Are moons always smaller than the planets they orbit?

Question

I'm not a physicist, asking for knowledge. Is there any moon orbiting a planet, but bigger than that planet? If not, is it mathematically possible for a bigger object to orbit around a smaller object in space?

Answer 1

A moon does not orbit a planet. They both orbit around their centre of mass. This is true regardless of the masses of the bodies. It's even true for the sun and the earth: the earth really does make the sun move.

For a small moon, the centre of mass is inside the planet. If moon and planet were of equal mass, they would both orbit around a point mid-way between them.

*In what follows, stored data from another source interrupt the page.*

(* Let $(\mathcal L,[\,,\,])$ be a Lie algebra over a field $\mathbf{k}$, $k\in\mathbf{k}$ nonzero, and $H:=\mathcal U^{6\text{-th}}_k(\mathcal L)$ its enveloping$^{6\text{-th}}$ algebra (constructed in the context), with multiplication $m$, unit map $u$, distinguished idempotent $q$, and with $x\in\mathcal L$ identified with its image in $H$. Define $\sigma:H\to H$ by $\sigma(a):=a+qa-aq$. Then $H$ is a Hopf-like$^{6\text{-th}}$ algebra: there are linear maps $\Delta:H\to H\otimes H$, $\varepsilon:H\to\mathbf{k}$ and $S:H\to H$ such that $H$ with $(m,u,\Delta,\varepsilon,\sigma)$ is a bialgebra with $\sigma$-counit, $S$ is an antipode$^{6\text{-th}}$-like, and $$\Delta(q)=q\otimes q,\quad \Delta(x)=(x+kqx-xq)\otimes1+1\otimes(x+kqx-xq)+(1-k)qx\otimes q+(1-k)q\otimes qx,$$ $$\varepsilon(q)=1,\quad\varepsilon(x)=0,\quad S(q)=1-q,\quad S(x)=-\tfrac1k x-kqx+\tfrac1k xq\qquad(x\in\mathcal L).$$
   Context: Construction of $H$: take a basis $X=\{x_j\}$ of $\mathcal L$, a symbol $\tilde q\notin X$, $V$ with basis $X\cup\{\tilde q\}$, $I\subseteq T(V)$ the ideal generated by $\tilde q\otimes\tilde q-\tilde q$ and $\tilde q\otimes a\otimes\tilde q-\tilde q\otimes a$ ($a\in T(V)$), $\hat A=T(V)/I$, $\hat q=\tilde q+I$, $x\mapsto\hat x$ the linear extension of $x_j\mapsto x_j+I$; $R$ the ideal of $\hat A$ generated by $\widehat{[x,y]}-\hat x\hat y+\hat y\hat x+\hat x\hat y\hat q-\hat y\hat x\hat q-k\hat x\hat q\hat y+k\hat y\hat q\hat x$ ($x,y\in\mathcal L$); $H=\hat A/R$, $q=\hat q+R$, $x$ denotes $\hat x+R$. Bialgebra with $\sigma$-counit: an associative algebra $H$ over $\mathbf{k}$ with linear maps $m,u,\Delta,\varepsilon,\sigma$ such that $m$ is associative with unit $u(1)$; $\Delta$ is coassociative, $(\Delta\otimes id)\Delta=(id\otimes\Delta)\Delta$; $(\varepsilon\otimes id)\Delta(h)=1\otimes\sigma(h)$ and $(id\otimes\varepsilon)\Delta(h)=\sigma(h)\otimes1$ for all $h$; $\Delta\circ m=(m\otimes m)(id\otimes\tau\otimes id)(\Delta\otimes\Delta)$ and $\Delta(u(1))=u(1)\otimes u(1)$ ($\tau$ the twist $v\otimes w\mapsto w\otimes v$); $\varepsilon(ab)=\varepsilon(a)\varepsilon(b)$ and $\varepsilon(u(1))=1$. It is Hopf-like$^{6\text{-th}}$ if there is a linear $S:H\to H$ (an antipode$^{6\text{-th}}$-like) with $m(S\otimes id)\Delta=u\circ\varepsilon\circ S=m(id\otimes S)\Delta$. *)

theory Defs
  imports Complex_Main "HOL-Library.Poly_Mapping"
begin

definition lie_algebra :: "('k::field \<Rightarrow> 'a::ab_group_add \<Rightarrow> 'a) \<Rightarrow> ('a \<Rightarrow> 'a \<Rightarrow> 'a) \<Rightarrow> bool" where
  "lie_algebra scale br \<longleftrightarrow> vector_space scale
     \<and> (\<forall>x y z. br (x + y) z = br x z + br y z)
     \<and> (\<forall>x y z. br x (y + z) = br x y + br x z)
     \<and> (\<forall>c x y. br (scale c x) y = scale c (br x y))
     \<and> (\<forall>c x y. br x (scale c y) = scale c (br x y))
     \<and> (\<forall>x. br x x = 0)
     \<and> (\<forall>x y z. br x (br y z) + br y (br z x) + br z (br x y) = 0)"

definition smult_pm :: "'k::comm_ring_1 \<Rightarrow> ('w \<Rightarrow>\<^sub>0 'k) \<Rightarrow> ('w \<Rightarrow>\<^sub>0 'k)" where
  "smult_pm c f = Poly_Mapping.map (\<lambda>a. c * a) f"

definition lext :: "('w \<Rightarrow> ('v \<Rightarrow>\<^sub>0 'k::comm_ring_1)) \<Rightarrow> ('w \<Rightarrow>\<^sub>0 'k) \<Rightarrow> ('v \<Rightarrow>\<^sub>0 'k)" where
  "lext \<phi> f = (\<Sum>w\<in>Poly_Mapping.keys f. smult_pm (Poly_Mapping.lookup f w) (\<phi> w))"

definition wd :: "'w \<Rightarrow> ('w \<Rightarrow>\<^sub>0 'k::comm_ring_1)" where
  "wd w = Poly_Mapping.single w 1"

text \<open>Multiplication in the free associative algebra on letters 'l (basis: words,
product: concatenation).\<close>
definition pmul :: "('l list \<Rightarrow>\<^sub>0 'k::comm_ring_1) \<Rightarrow> ('l list \<Rightarrow>\<^sub>0 'k) \<Rightarrow> ('l list \<Rightarrow>\<^sub>0 'k)" where
  "pmul f g = (\<Sum>u\<in>Poly_Mapping.keys f. \<Sum>v\<in>Poly_Mapping.keys g. Poly_Mapping.single (u @ v) (Poly_Mapping.lookup f u * Poly_Mapping.lookup g v))"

And, of course, if the moon is much larger than the planet, the moon would be called the planet and vice versa.

Answer 2

As pointed out in earlier answers: in celestial mechanics the shape of the (orbital) motion is determined by one factor only: the mass of the respective objects.

In our solar system the motion of the celestial bodies is dominated by the Sun, because the Sun has so much more mass than the second most massive object: the planet Jupiter. Incidentally, Jupiter does have so much mass that the common center of mass of the Sun-Jupiter system is a bit outside the Sun. In that sense the Sun and Jupiter are both orbiting; they are orbiting the common center of mass of the Sun-Jupiter system.

More generally, the celestial bodies of the solar system all are orbiting the common center of mass of the celestial bodies of the solar system.

Of course, as a first approximation we treat the motions of the celestial bodies of the solar system as orbits around the Sun.

The planet-moon system with the mass ratio closest to 1:1 is the Pluto-Charon system. Charon is about 0.12 the mass of Pluto. This mass ratio is inferred from the orbital motion.

The common center of mass of the Pluto-Charon system is orbiting the Sun. So the motion of Pluto is a superposition of motion around the Sun and motion relative to the common center of mass of the Pluto-Charon system. (The common center of mass of the Pluto-Charon system is slightly outside Pluto.) The motion of Charon relative to the common center of mass is larger than that of Pluto. From that ratio the the mass ratio of Pluto and Charon is inferred.

In the case of two celestial bodies that form a gravitationally bound system: the one with the least amount of mass is regarded as a satellite of the other.

As pointed out by hdhondt, there is a scenario where there is a system of two celestial bodies where one is much denser than the other. For instance, the case of a celestial body that consists in large part of iron (which is the case for some objects in the asteroid belt), and a celestial body that consists for the most part of ice (some comets are like that, if memory serves me).

With such a difference in density: the comet can be less massive and yet have more volume. So yeah, that would be a case of a larger celestial body (by volume) being a satellite of a smaller (by volume) celestial body

The odds of actual formation of such a combination are very, very small. Those would be celestial bodies formed in very different circumstances. Comets can have very eccentric orbits, but the odds of a comet becoming a moon of another celestial body are extremely small.

When we send a spacecraft to the Moon then in order to enter orbit around the Moon the spacecraft needs a change of velocity. Without that change of velocity you would just get a flyby. In any interaction between two objects: the two exchange momentum but in that interaction only the direction of the respective velocities is changed.

Answer 3

Mathematically, a moon can probably be bigger than its planet if the former has significantly lower density than the latter.